Le ministère de l’Intérieur de la République de Gambie a donné le coup d’envoi de la première phase de l’enregistrement public et de la délivrance des nouvelles cartes d’identité nationales biométriques. Destiné aux citoyens âgés de 18 ans et plus, ce vaste programme marque un tournant historique dans la souveraineté numérique et l’unification des données d’identification du pays.
Après une phase pilote menée avec succès dans la région du Grand Banjul depuis le 4 juillet, cette nouvelle étape d’enrôlement s’inscrit dans le cadre de la mise en place du Système national unifié d’identité, baptisé GAM ID. Ce projet d’envergure est le fruit d’un partenariat public-privé (PPP) conclu avec l’entreprise technologique ghanéenne Margins ID Group, à l’issue d’un processus de sélection rigoureux.
Le chef de l’État gambien, Adama Barrow, avait inauguré officiellement cette infrastructure de pointe le 30 juin dernier, s’imposant comme le tout premier citoyen du pays à recevoir sa nouvelle pièce d’identité après un enrôlement biométrique complet en direct.

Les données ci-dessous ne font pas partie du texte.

lemma sum_components_sq:
  fixes x :: "real ^ 'n"
  shows "(\<Sum>j\<in>UNIV. (x $ j)\<^sup>2) = (norm x)\<^sup>2"
  by (simp only: power2_norm_eq_inner) (simp add: inner_vec_def power2_eq_square)

lemma epd_space_derivatives:
  fixes x :: "real ^ 'n" and c \<gamma> t :: real and j :: 'n
  assumes t: "t > 0" and xt: "norm x < c * t"
  defines "q \<equiv> \<lambda>v. epd_density c \<gamma> (x + v *\<^sub>R axis j 1) t"
    and "b \<equiv> \<gamma> - 1" and "W \<equiv> c\<^sup>2 * t\<^sup>2 - (norm x)\<^sup>2"
  shows "q differentiable (at 0)" "deriv q differentiable (at 0)"
    and "deriv (deriv q) 0 = epd_density c \<gamma> x t * (4 * b * (b - 1) * (x $ j)\<^sup>2 / W\<^sup>2 - 2 * b / W)"
proof -
  define \<kappa> where "\<kappa> = epd_const (real CARD('n)) \<gamma> * (1 / (c * t) powr (real CARD('n) - 2 + 2 * \<gamma>))"
  define g where "g v = (W - (2 * v * x $ j + v\<^sup>2)) powr b * (- b * (2 * x $ j + 2 * v) / (W - (2 * v * x $ j + v\<^sup>2)))" for v
  define S where "S = {v. norm (x + v *\<^sub>R axis j (1::real)) < c * t}"
  have S: "open S" "0 \<in> S" unfolding S_def using xt
    by (auto intro!: open_Collect_less continuous_intros)
  have q_eq: "q v = \<kappa> * (W - (2 * v * x $ j + v\<^sup>2)) powr b" if "v \<in> S" for v
    using epd_density_cone[OF t, of "x + v *\<^sub>R axis j 1" c \<gamma>] that
    by (simp add: q_def S_def \<kappa>_def b_def W_def norm_add_axis_sq algebra_simps)
  have W: "W > 0" using cone_gap_pos[OF xt] by (simp add: W_def)
  have D1: "\<forall>v\<in>S. (q has_real_derivative \<kappa> * g v) (at v)"
  proof
    fix v assume v: "v \<in> S"
    have "c\<^sup>2 * t\<^sup>2 - (norm (x + v *\<^sub>R axis j (1::real)))\<^sup>2 > 0"
      using v by (intro cone_gap_pos) (simp add: S_def)
    hence inside: "W - (2 * v * x $ j + v\<^sup>2) > 0"
      unfolding norm_add_axis_sq by (simp add: W_def)
    show "(q has_real_derivative \<kappa> * g v) (at v)"
      unfolding g_def
      by (rule has_field_derivative_transform_within_open[OF DERIV_cmult[OF
            space_profile_deriv[where b=b, OF inside]] S(1) v])
         (simp add: q_eq)
  qed
  have D2: "((\<lambda>v. \<kappa> * g v) has_real_derivative
      \<kappa> * W powr b * (4 * b * (b - 1) * (x $ j)\<^sup>2 / W\<^sup>2 - 2 * b / W)) (at 0)"
    using DERIV_cmult[OF space_profile_deriv2[where b=b and \<xi>="x $ j", OF W], of \<kappa>]
    by (simp add: g_def mult.assoc)
  note L = deriv2_from_local_derivative[OF S D1 D2]
  show "q differentiable (at 0)" "deriv q differentiable (at 0)" using L(1,3) .
  show "deriv (deriv q) 0 = epd_density c \<gamma> x t * (4 * b * (b - 1) * (x $ j)\<^sup>2 / W\<^sup>2 - 2 * b / W)"
    using L(4) q_eq[OF S(2)] by (simp add: q_def)
qed

lemma epd_laplacian:
  fixes x :: "real ^ 'n" and c \<gamma> t :: real
  assumes t: "t > 0" and xt: "norm x < c * t"
  defines "b \<equiv> \<gamma> - 1" and "W \<equiv> c\<^sup>2 * t\<^sup>2 - (norm x)\<^sup>2"
  shows "(\<Sum>j\<in>UNIV. deriv (\<lambda>u. deriv (\<lambda>v. epd_density c \<gamma> (x + v *\<^sub>R axis j 1) t) u) 0)
       = epd_density c \<gamma> x t * (4 * b * (b - 1) * (norm x)\<^sup>2 / W\<^sup>2 - 2 * real CARD('n) * b / W)"
proof -
  define P where "P = epd_density c \<gamma> x t"
  have "(\<Sum>j\<in>UNIV. deriv (\<lambda>u. deriv (\<lambda>v. epd_density c \<gamma> (x + v *\<^sub>R axis j 1) t) u) 0)
      = (\<Sum>j\<in>UNIV. P * (4 * b * (b - 1) * (x $ j)\<^sup>2 / W\<^sup>2 - 2 * b / W))"
    using epd_space_derivatives(3)[OF t xt, where \<gamma>=\<gamma>] by (simp add: P_def b_def W_def)
  also have "\<dots> = P * ((\<Sum>j\<in>UNIV. 4 * b * (b - 1) * (x $ j)\<^sup>2 / W\<^sup>2) - (\<Sum>j\<in>(UNIV :: 'n set). 2 * b / W))"
    by (simp add: sum_distrib_left[symmetric] sum_subtractf)
  also have "\<dots> = P * (4 * b * (b - 1) * (\<Sum>j\<in>UNIV. (x $ j)\<^sup>2) / W\<^sup>2 - real CARD('n) * (2 * b / W))"
    by (simp add: sum_divide_distrib[symmetric] sum_distrib_left[symmetric])
  finally show ?thesis by (simp add: sum_components_sq P_def algebra_simps)
qed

Il avait alors salué cette transition comme l’un des jalons les plus importants de la construction nationale, permettant enfin à la Gambie de s’affranchir de décennies de systèmes d’identification fragmentés et peu sécurisés.
Un sésame sécurisé conforme aux standards de la Cédéao
Au-delà de sa fonction d’identification intérieure, la nouvelle carte biométrique gambienne s’aligne pleinement sur les exigences de la Carte d’identité biométrique de la Communauté économique des États de l’Afrique de l’Ouest (Cédéao) connue sous l’acronyme ENBIC , adoptée par les chefs d’État de la sous-région en décembre 2014 pour stimuler l’intégration, la libre circulation des personnes et les échanges commerciaux. Pour rappel, le Sénégal avait ouvert la voie en devenant le premier État membre à émettre ce document régional en octobre 2016, suivi par plusieurs nations de la zone.
Grâce à des technologies de pointe en matière d’infrastructure à clé publique (PKI) et de stockage de données chiffrées, le nouveau document intègre les données faciales, iris et empreintes digitales du porteur, se transformant en un véritable outil multifonctionnel sécurisé.
Vers une généralisation progressive sur tout le territoire
Alors que les centres d’enrôlement tournent à plein régime dans la région de la capitale, le gouvernement a confirmé que l’extension de l’opération se poursuivra de manière progressive à l’ensemble du territoire national d’ici la fin du mois de septembre.
Insistant sur le caractère stratégique de cette réforme pour l’économie numérique et la sécurité civile, les autorités gambiennes ont exhorté l’ensemble des citoyens éligibles à se mobiliser massivement pour accomplir cette formalité administrative essentielle, saluant par la même occasion la coopération exemplaire de la population depuis le lancement des opérations.